# generateRandomRegularGraphs -- generates random regular graphs on a given number of vertices

## Synopsis

• Usage:
G = generateRandomRegularGraphs(n, num, reg)
G = generateRandomRegularGraphs(R, num, reg)
• Inputs:
• R, , the ring in which the graphs will be created
• n, an integer, the number of vertices of the graphs, must be positive (see caveat)
• num, an integer, the number of random graphs to generate
• reg, an integer, the regularity of the generated graphs
• Optional inputs:
• RandomSeed => an integer, default value null, the specified random seed is passed to nauty
• Outputs:
• G, a list, the randomly generated regular graphs

## Description

This method generates a specified number of random graphs on a given number of vertices with a given regularity.
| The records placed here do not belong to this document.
lemma weight_norm2_le_top:
  assumes M: "1 \<le> M" and \<eta>: "0 \<le> \<eta>" "20 * M * \<eta> < 1" and p: "0 \<le> p" "p \<le> M"
  shows "weight_norm2 M \<eta> p \<le> weight_norm2 M \<eta> M"
proof -
  define \<tau> where "\<tau> = 1 - M * \<eta>"
  define \<kappa> where "\<kappa> = 2 * \<tau>\<^sup>2 / (M + \<tau>\<^sup>2)"
  define \<mu> where "\<mu> = 1 - \<kappa>"
  have \<tau>: "19/20 \<le> \<tau>" "\<tau> \<le> 1" "M * \<eta> \<le> 1/20" using M \<eta> unfolding \<tau>_def by auto
  have "\<tau>\<^sup>2 \<le> 1" using \<tau> by (simp add: power_le_one)
  moreover have "0 < M + \<tau>\<^sup>2" using M by (simp add: add_pos_nonneg)
  ultimately have \<mu>: "0 \<le> \<mu>" "\<mu> \<le> 1" unfolding \<mu>_def \<kappa>_def using M by (auto simp: field_simps)
  have W: "weight_norm2 M \<eta> q = (M - q) * (\<tau> - \<mu> * q * \<eta>)\<^sup>2 + q * (\<tau> - \<mu> * q * \<eta> + \<mu>)\<^sup>2 + \<kappa>\<^sup>2 * q\<^sup>2" for q
    unfolding weight_norm2_def Let_def \<tau>_def \<kappa>_def \<mu>_def by (rule refl)
  have \<mu>\<tau>: "0 \<le> 2 * \<tau> + \<mu> - 2 * \<tau> * (M * \<eta>) - 4 * \<mu> * (M * \<eta>)"
  proof -
    have "\<tau> * (M * \<eta>) \<le> 1 * (1/20)" using \<tau> M \<eta> by (intro mult_mono) auto
    moreover have "\<mu> * (M * \<eta>) \<le> 1 * (1/20)" using \<tau> \<mu> M \<eta> by (intro mult_mono) auto
    ultimately show ?thesis using \<tau> \<mu> by linarith
  qed
  \<comment> \<open>the difference factors as \<open>(M - p)\<close> times a quantity that is positive because \<open>M \<eta>\<close> is small\<close>
  have "0 \<le> (M - p) * (\<mu> * (2 * \<tau> + \<mu> - 2 * \<tau> * (M * \<eta>) - 4 * \<mu> * (M * \<eta>)))"
    using p \<mu> \<mu>\<tau> by simp
  also have "\<dots> \<le> (M - p) * (\<mu> * (2 * \<tau> + \<mu>) - 2 * \<tau> * \<mu> * (M * \<eta>)
      + (M * \<mu>\<^sup>2 * \<eta>\<^sup>2 - 2 * \<mu>\<^sup>2 * \<eta> + \<kappa>\<^sup>2) * (M + p))"
  proof (rule mult_left_mono)
    have "- (2 * \<mu>\<^sup>2 * \<eta>) * (M + p) \<le> (M * \<mu>\<^sup>2 * \<eta>\<^sup>2 - 2 * \<mu>\<^sup>2 * \<eta> + \<kappa>\<^sup>2) * (M + p)"
      using M \<eta> p by (intro mult_right_mono) auto
    moreover have "(2 * \<mu>\<^sup>2 * \<eta>) * (M + p) \<le> (2 * \<mu>\<^sup>2 * \<eta>) * (2 * M)"
      using \<eta> p by (intro mult_left_mono) auto
    ultimately show "\<mu> * (2 * \<tau> + \<mu> - 2 * \<tau> * (M * \<eta>) - 4 * \<mu> * (M * \<eta>))
        \<le> \<mu> * (2 * \<tau> + \<mu>) - 2 * \<tau> * \<mu> * (M * \<eta>)
          + (M * \<mu>\<^sup>2 * \<eta>\<^sup>2 - 2 * \<mu>\<^sup>2 * \<eta> + \<kappa>\<^sup>2) * (M + p)"
      by (simp add: power2_eq_square algebra_simps)
  qed (use p in simp)
  also have "\<dots> = weight_norm2 M \<eta> M - weight_norm2 M \<eta> p"
    unfolding W by (simp add: power2_eq_square algebra_simps)
  finally show ?thesis by simp
qed

lemma Cauchy_Schwarz_two_valued_weights:
  fixes a pos :: "nat \<Rightarrow> real" and b c \<kappa> \<mu> :: real
  assumes pos: "\<And>j. pos j = 0 \<or> pos j = 1"
  shows "((\<Sum>j<m. (c + \<mu> * pos j) * a j) + \<kappa> * (\<Sum>j<m. pos j) * b)\<^sup>2
    \<le> ((m - (\<Sum>j<m. pos j)) * c\<^sup>2 + (\<Sum>j<m. pos j) * (c + \<mu>)\<^sup>2 + \<kappa>\<^sup>2 * (\<Sum>j<m. pos j)\<^sup>2)
      * ((\<Sum>j<m. (a j)\<^sup>2) + b\<^sup>2)"
proof -
  define p where "p = (\<Sum>j<m. pos j)"
  have "(\<Sum>j<m. (c + \<mu> * pos j)\<^sup>2) = (\<Sum>j<m. c\<^sup>2 + pos j * ((c + \<mu>)\<^sup>2 - c\<^sup>2))"
  proof (intro sum.cong refl)
    fix j show "(c + \<mu> * pos j)\<^sup>2 = c\<^sup>2 + pos j * ((c + \<mu>)\<^sup>2 - c\<^sup>2)" using pos[of j] by auto
  qed
  also have "\<dots> = m * c\<^sup>2 + p * ((c + \<mu>)\<^sup>2 - c\<^sup>2)"
    unfolding p_def by (simp add: sum.distrib sum_distrib_right)
  finally have "(\<Sum>j<m. (c + \<mu> * pos j)\<^sup>2) + (\<kappa> * p)\<^sup>2 = (m - p) * c\<^sup>2 + p * (c + \<mu>)\<^sup>2 + \<kappa>\<^sup>2 * p\<^sup>2"
    by (simp add: power_mult_distrib algebra_simps)
  moreover have "((\<Sum>j<m. (c + \<mu> * pos j) * a j) + \<kappa> * p * b)\<^sup>2
      \<le> ((\<Sum>j<m. (c + \<mu> * pos j)\<^sup>2) + (\<kappa> * p)\<^sup>2) * ((\<Sum>j<m. (a j)\<^sup>2) + b\<^sup>2)"
    using Cauchy_Schwarz_ineq_sum[of "\<lambda>j. c + \<mu> * pos j" a "{..<m}"]
    by (intro power2_add_le_mult_add) (auto simp: power_mult_distrib intro: sum_nonneg)
  ultimately show ?thesis unfolding p_def by simp
qed

lemma relu_gap_sum_le_nonneg_bias:
  fixes m :: nat and \<eta> b :: real and a :: "nat \<Rightarrow> real"
  assumes m: "1 \<le> m" and \<eta>: "0 \<le> \<eta>" "20 * m * \<eta> < 1" and b: "0 \<le> b"
  shows "(\<Sum>j<m. relu_gap (a j - \<eta> * (\<Sum>i<m. a i)) b)
    \<le> 4 * m * optimal_margin m \<eta> * sqrt ((\<Sum>j<m. (a j)\<^sup>2) + b\<^sup>2)"
proof -
  define A where "A = (\<Sum>i<m. a i)"
  define s where "s j = a j - \<eta> * A" for j
  define \<tau> where "\<tau> = 1 - m * \<eta>"
  define \<kappa> where "\<kappa> = 2 * \<tau>\<^sup>2 / (m + \<tau>\<^sup>2)"
  define \<mu> where "\<mu> = 1 - \<kappa>"
  define pos where "pos j = (if s j > 0 then 1 else 0 :: real)" for j
  define p where "p = (\<Sum>j<m. pos j)"
  define c where "c = \<tau> - \<mu> * p * \<eta>"
  define R where "R = (\<Sum>j<m. (a j)\<^sup>2) + b\<^sup>2"
  have "\<tau>\<^sup>2 \<le> 1" using m \<eta> unfolding \<tau>_def by (simp add: power_le_one)
  moreover have "0 < real m + \<tau>\<^sup>2" using m by (simp add: add_pos_nonneg)
  ultimately have \<kappa>: "0 \<le> \<kappa>" "\<kappa> \<le> 1" unfolding \<kappa>_def using m by (auto simp: field_simps)
  have "0 \<le> p" "p \<le> m"
    unfolding p_def pos_def using sum_mono[of "{..<m}" pos "\<lambda>_. 1"]
    by (auto simp: pos_def intro: sum_nonneg)
  hence "weight_norm2 m \<eta> p * R \<le> weight_norm2 m \<eta> m * R"
    unfolding R_def using m \<eta>
    by (intro mult_right_mono weight_norm2_le_top add_nonneg_nonneg sum_nonneg) auto
  have "(\<Sum>j<m. relu_gap (s j) b) \<le> (\<Sum>j<m. s j + pos j * (\<kappa> * b + \<mu> * s j))"
    unfolding pos_def \<mu>_def by (intro sum_mono relu_gap_le_interpolation b \<kappa>)
  also have "\<dots> = (\<Sum>j<m. a j) - m * \<eta> * A + \<kappa> * b * p + \<mu> * (\<Sum>j<m. pos j * a j) - \<mu> * \<eta> * A * p"
    unfolding s_def p_def by (simp add: sum.distrib sum_subtractf sum_distrib_left algebra_simps)
  also have "\<dots> = (\<Sum>j<m. (c + \<mu> * pos j) * a j) + \<kappa> * p * b"
    unfolding c_def \<tau>_def A_def by (simp add: sum.distrib sum_subtractf sum_distrib_left algebra_simps)
  also have "\<dots> \<le> 4 * m * optimal_margin m \<eta> * sqrt R"
  proof (rule real_le_rsqrt[THEN order_trans])
    have "weight_norm2 m \<eta> p = (m - p) * c\<^sup>2 + p * (c + \<mu>)\<^sup>2 + \<kappa>\<^sup>2 * p\<^sup>2"
      unfolding weight_norm2_def Let_def c_def \<mu>_def \<kappa>_def \<tau>_def by (rule refl)
    hence "((\<Sum>j<m. (c + \<mu> * pos j) * a j) + \<kappa> * p * b)\<^sup>2 \<le> weight_norm2 m \<eta> p * R"
      using Cauchy_Schwarz_two_valued_weights[where pos = pos and m = m and c = c and \<mu> = \<mu> and \<kappa> = \<kappa>]
      unfolding R_def p_def by (simp add: pos_def)
    also have "\<dots> \<le> weight_norm2 m \<eta> m * R" by fact
    also have "\<dots> = (4 * m * optimal_margin m \<eta>)\<^sup>2 * R" using m by (simp add: weight_norm2_top)
    finally show "((\<Sum>j<m. (c + \<mu> * pos j) * a j) + \<kappa> * p * b)\<^sup>2 \<le> (4 * m * optimal_margin m \<eta>)\<^sup>2 * R" .
    have "0 \<le> optimal_margin m \<eta>" using m \<eta> by (intro optimal_margin_nonneg) auto
    thus "sqrt ((4 * m * optimal_margin m \<eta>)\<^sup>2 * R) \<le> 4 * m * optimal_margin m \<eta> * sqrt R"
      by (simp add: real_sqrt_mult)
  qed
  finally show ?thesis unfolding s_def A_def R_def .
qed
Note that some graphs may be isomorphic.

If a PolynomialRing $R$ is supplied instead, then the number of vertices is the number of generators. Moreover, the nauty-based strings are automatically converted to instances of the class Graph in $R$.

 i1 : R = QQ[a..e]; i2 : generateRandomRegularGraphs(R, 3, 2) o2 = {Graph{edges => {{a, b}, {b, d}, {c, d}, {a, e}, {c, e}}}, ring => R vertices => {a, b, c, d, e} ------------------------------------------------------------------------ Graph{edges => {{a, c}, {a, d}, {b, d}, {b, e}, {c, e}}}, ring => R vertices => {a, b, c, d, e} ------------------------------------------------------------------------ Graph{edges => {{a, c}, {b, c}, {b, d}, {a, e}, {d, e}}}} ring => R vertices => {a, b, c, d, e} o2 : List

## Caveat

The number of vertices $n$ must be positive as nauty cannot handle graphs with zero vertices.